Veo mi cara reflejada en un espejo que no existe. Quiero que alguien me masajee mis pensamientos para que se calmen. Recorro lentamente la manguera que sale de mi boca con el dedo índice. Huelo mal. Me toco la cabeza. Alguien me recogió el pelo y escondió el vómito que recién ahora estoy inhalando. Miro el suero un largo rato. Suspiro de manera interrumpida. Observo el techo y lo transformo en un cielo. La cabeza nunca me para.

Pienso en mi papá. En mis abuelos. Extraño a mis muertos. Les tengo miedo a mis vivos. Cabeceo. Escucho el ruido de unos tacos que se acercan a la cama y me despiertan.

¿Mami? ¿Viniste?

Soy Inés, acá estoy, amiga.

¿Alguien le avisó a mi mamá?

La mano de Inés abraza fuerte la mía. Apoya su boca en mi frente y responde susurrando que sí.

Sí, Carol. No bien te ingresaron al hospital, tu hermana se encargó de avisarle.

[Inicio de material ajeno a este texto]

lemma cone_slab_measure_upper:
  fixes c :: "'a::euclidean_space"
  assumes c: "norm c = 1" and A: "A \<subseteq> sphere 0 1" "sphere_cone A \<in> sets lebesgue"
    and ab: "0 < a" "a < 1" "a \<le> b" "b \<le> 1"
  shows "measure lebesgue (sphere_cone A \<inter> slab c a b) \<le> (b ^ DIM('a) - a ^ DIM('a)) * pyr_vol c A (cone_slope a)"
proof -
  have ra: "cone_slope a \<ge> 0" using ab by (intro cone_slope_nonneg) auto
  have "measure lebesgue (sphere_cone A \<inter> slab c a b) \<le> measure lebesgue (pyramid c A (cone_slope a) \<inter> slab c a b)"
  proof (rule measure_mono_fmeasurable)
    show "sphere_cone A \<inter> slab c a b \<subseteq> pyramid c A (cone_slope a) \<inter> slab c a b"
      by (rule cone_slab_subset[OF c A(1) ab(1,2)])
    show "sphere_cone A \<inter> slab c a b \<in> sets lebesgue"
      using A(2) slab_lebesgue by (rule sets.Int)
    show "pyramid c A (cone_slope a) \<inter> slab c a b \<in> lmeasurable"
      using pyramid_lmeasurable[OF c A ra] slab_lebesgue by (rule fmeasurable_Int_fmeasurable)
  qed
  also have "\<dots> = (b ^ DIM('a) - a ^ DIM('a)) * pyr_vol c A (cone_slope a)"
    unfolding pyr_vol_def using measure_pyramid_slab[OF c A ra ab(1,3,4)] by simp
  finally show ?thesis .
qed

lemma slab_split:
  fixes E :: "'a::euclidean_space set"
  assumes E: "E \<in> lmeasurable" and ab: "a \<le> b" "b \<le> d"
  shows "measure lebesgue (E \<inter> slab c a d) = measure lebesgue (E \<inter> slab c a b) + measure lebesgue (E \<inter> slab c b d)"
proof -
  have eq: "E \<inter> slab c a d = (E \<inter> slab c a b) \<union> (E \<inter> slab c b d)"
    using ab by (auto simp: slab_def)
  have f1: "E \<inter> slab c a b \<in> lmeasurable" using E slab_lebesgue by (rule fmeasurable_Int_fmeasurable)
  have f2: "E \<inter> slab c b d \<in> lmeasurable" using E slab_lebesgue by (rule fmeasurable_Int_fmeasurable)
  show ?thesis
    unfolding eq using f1 f2 by (intro measure_Union) (auto simp: fmeasurable_def slab_def)
qed

lemma pyr_vol_mono:
  fixes c :: "'a::euclidean_space"
  assumes c: "norm c = 1" and A: "A \<subseteq> sphere 0 1" "sphere_cone A \<in> sets lebesgue"
    and \<rho>: "0 \<le> \<rho>" "\<rho> \<le> \<rho>'"
  shows "pyr_vol c A \<rho> \<le> pyr_vol c A \<rho>'"
  unfolding pyr_vol_def
proof (rule measure_mono_fmeasurable)
  show "pyramid c A \<rho> \<subseteq> pyramid c A \<rho>'"
  proof
    fix y assume y: "y \<in> pyramid c A \<rho>"
    have "\<rho> * (y \<bullet> c) \<le> \<rho>' * (y \<bullet> c)"
      using pyramid_pos[OF y \<rho>(1)] \<rho> by (intro mult_right_mono) auto
    then show "y \<in> pyramid c A \<rho>'" using y by (auto simp: pyramid_def)
  qed
  show "pyramid c A \<rho> \<in> sets lebesgue"
    using pyramid_lmeasurable[OF c A \<rho>(1)] by (rule fmeasurableD)
  show "pyramid c A \<rho>' \<in> lmeasurable"
    using \<rho> by (intro pyramid_lmeasurable[OF c A]) simp
qed

lemma slab_measure_tendsto_zero:
  fixes E :: "'a::euclidean_space set"
  assumes E: "E \<in> lmeasurable"
  shows "(\<lambda>k. measure lebesgue (E \<inter> slab c 0 (inverse (real (Suc k))))) \<longlonglongrightarrow> 0"
proof -
  define S where "S k = E \<inter> slab c 0 (inverse (real (Suc k)))" for k
  have "(\<lambda>k. measure lebesgue (S k)) \<longlonglongrightarrow> measure lebesgue (\<Inter>k. S k)"
  proof (rule Lim_measure_decseq)
    show "range S \<subseteq> sets lebesgue"
      using fmeasurableD[OF E] slab_lebesgue by (auto simp: S_def)
    show "decseq S"
    proof (rule decseq_SucI)
      fix k
      have "inverse (real (Suc (Suc k))) \<le> inverse (real (Suc k))"
        by (rule le_imp_inverse_le) auto
      then show "S (Suc k) \<subseteq> S k"
        unfolding S_def slab_def by (auto intro: order_trans)
    qed
    show "emeasure lebesgue (S k) \<noteq> \<infinity>" for k
    proof -
      have "S k \<in> lmeasurable"
        unfolding S_def using E slab_lebesgue by (rule fmeasurable_Int_fmeasurable)
      from fmeasurableD2[OF this] show ?thesis unfolding infinity_ennreal_def .
    qed
  qed
  moreover have "(\<Inter>k. S k) = {}"
  proof (rule equals0I)
    fix y assume y: "y \<in> (\<Inter>k. S k)"
    then have "0 < y \<bullet> c" by (auto simp: S_def slab_def)
    then obtain k where k: "inverse (real (Suc k)) < y \<bullet> c" using reals_Archimedean by blast
    have "y \<in> S k" using y by blast
    with k show False by (auto simp: S_def slab_def)
  qed
  ultimately show ?thesis by (simp add: S_def)
qed

section \<open>A Riemann sum comparison\<close>

lemma additive_partition_sum:
  fixes \<mu> :: "real \<Rightarrow> real \<Rightarrow> real" and t :: "nat \<Rightarrow> real"
  assumes add: "\<And>u v w. a \<le> u \<Longrightarrow> u \<le> v \<Longrightarrow> v \<le> w \<Longrightarrow> w \<le> b \<Longrightarrow> \<mu> u w = \<mu> u v + \<mu> v w"
    and t0: "t 0 = a" and t_mono: "\<And>i. t i \<le> t (Suc i)" and tN: "t N \<le> b"
  shows "\<mu> a (t N) = (\<Sum>i<N. \<mu> (t i) (t (Suc i)))"
proof -
  have t_le: "t i \<le> t j" if "i \<le> j" for i j
    using lift_Suc_mono_le[of t, OF t_mono that] .
  have "\<mu> a (t k) = (\<Sum>i<k. \<mu> (t i) (t (Suc i)))" if "k \<le> N" for k
    using that
  proof (induction k)
    case 0
    have "a \<le> b" using t_le[of 0 N] t0 tN by simp
    then have "\<mu> a a = \<mu> a a + \<mu> a a" using add[of a a a] by simp
    then show ?case using t0 by simp
  next
    case (Suc k)
    have "a \<le> t k" "t (Suc k) \<le> b"
      using t_le[of 0 k] t_le[of "Suc k" N] t0 tN Suc.prems by auto
    then have "\<mu> a (t (Suc k)) = \<mu> a (t k) + \<mu> (t k) (t (Suc k))"
      using add t_mono by simp
    then show ?case using Suc by simp
  qed
  then show ?thesis by simp
qed

text \<open>On a uniform partition into N pieces the
  difference telescopes to at most L (b - a) (g a - g b) / N, so the first is at most the second
  on the whole interval.\<close>
context
  fixes a b L :: real and \<mu> \<nu> :: "real \<Rightarrow> real \<Rightarrow> real" and F g :: "real \<Rightarrow> real"
  assumes add_mu: "\<And>u v w. a \<le> u \<Longrightarrow> u \<le> v \<Longrightarrow> v \<le> w \<Longrightarrow> w \<le> b \<Longrightarrow> \<mu> u w = \<mu> u v + \<mu> v w"
    and add_nu: "\<And>u v w. a \<le> u \<Longrightarrow> u \<le> v \<Longrightarrow> v \<le> w \<Longrightarrow> w \<le> b \<Longrightarrow> \<nu> u w = \<nu> u v + \<nu> v w"
    and F: "\<And>u v. a \<le> u \<Longrightarrow> u \<le> v \<Longrightarrow> v \<le> b \<Longrightarrow> F u \<le> F v \<and> F v - F u \<le> L * (v - u)"
    and g: "\<And>u v. a \<le> u \<Longrightarrow> u \<le> v \<Longrightarrow> v \<le> b \<Longrightarrow> g v \<le> g u"
    and upper: "\<And>u v. a \<le> u \<Longrightarrow> u < v \<Longrightarrow> v \<le> b \<Longrightarrow> \<mu> u v \<le> (F v - F u) * g u"
    and lower: "\<And>u v. a \<le> u \<Longrightarrow> u < v \<Longrightarrow> v \<le> b \<Longrightarrow> (F v - F u) * g v \<le> \<nu> u v"
begin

Abro la mano y me saco a Inés de encima. Cierro los ojos y trago saliva. El gusto salado de una lágrima acaba de tocar mi boca. Estoy temblando. No sé si de frío o de miedo. Se está rompiendo el hechizo.

Me quedo dormida.

4

Desde mis seis años, fui adquiriendo un repertorio espantoso de síntomas físicos y psicológicos. Una batería interminable que nunca se agotaba. La desaparición espontánea de uno anunciaba la llegada del siguiente. Eran todos diferentes entre sí, pero como todo síntoma psicológico tenía un gran beneficio, un beneficio secundario: calmar un daño mayor que en ese momento no podía reconocer. Lo cierto es que, con cada despliegue, la ansiedad que evidentemente sentía lograba descomprimirse y salir por diferentes medios, inapropiados, sí, pero los únicos que mi inconsciente era capaz de fabricar.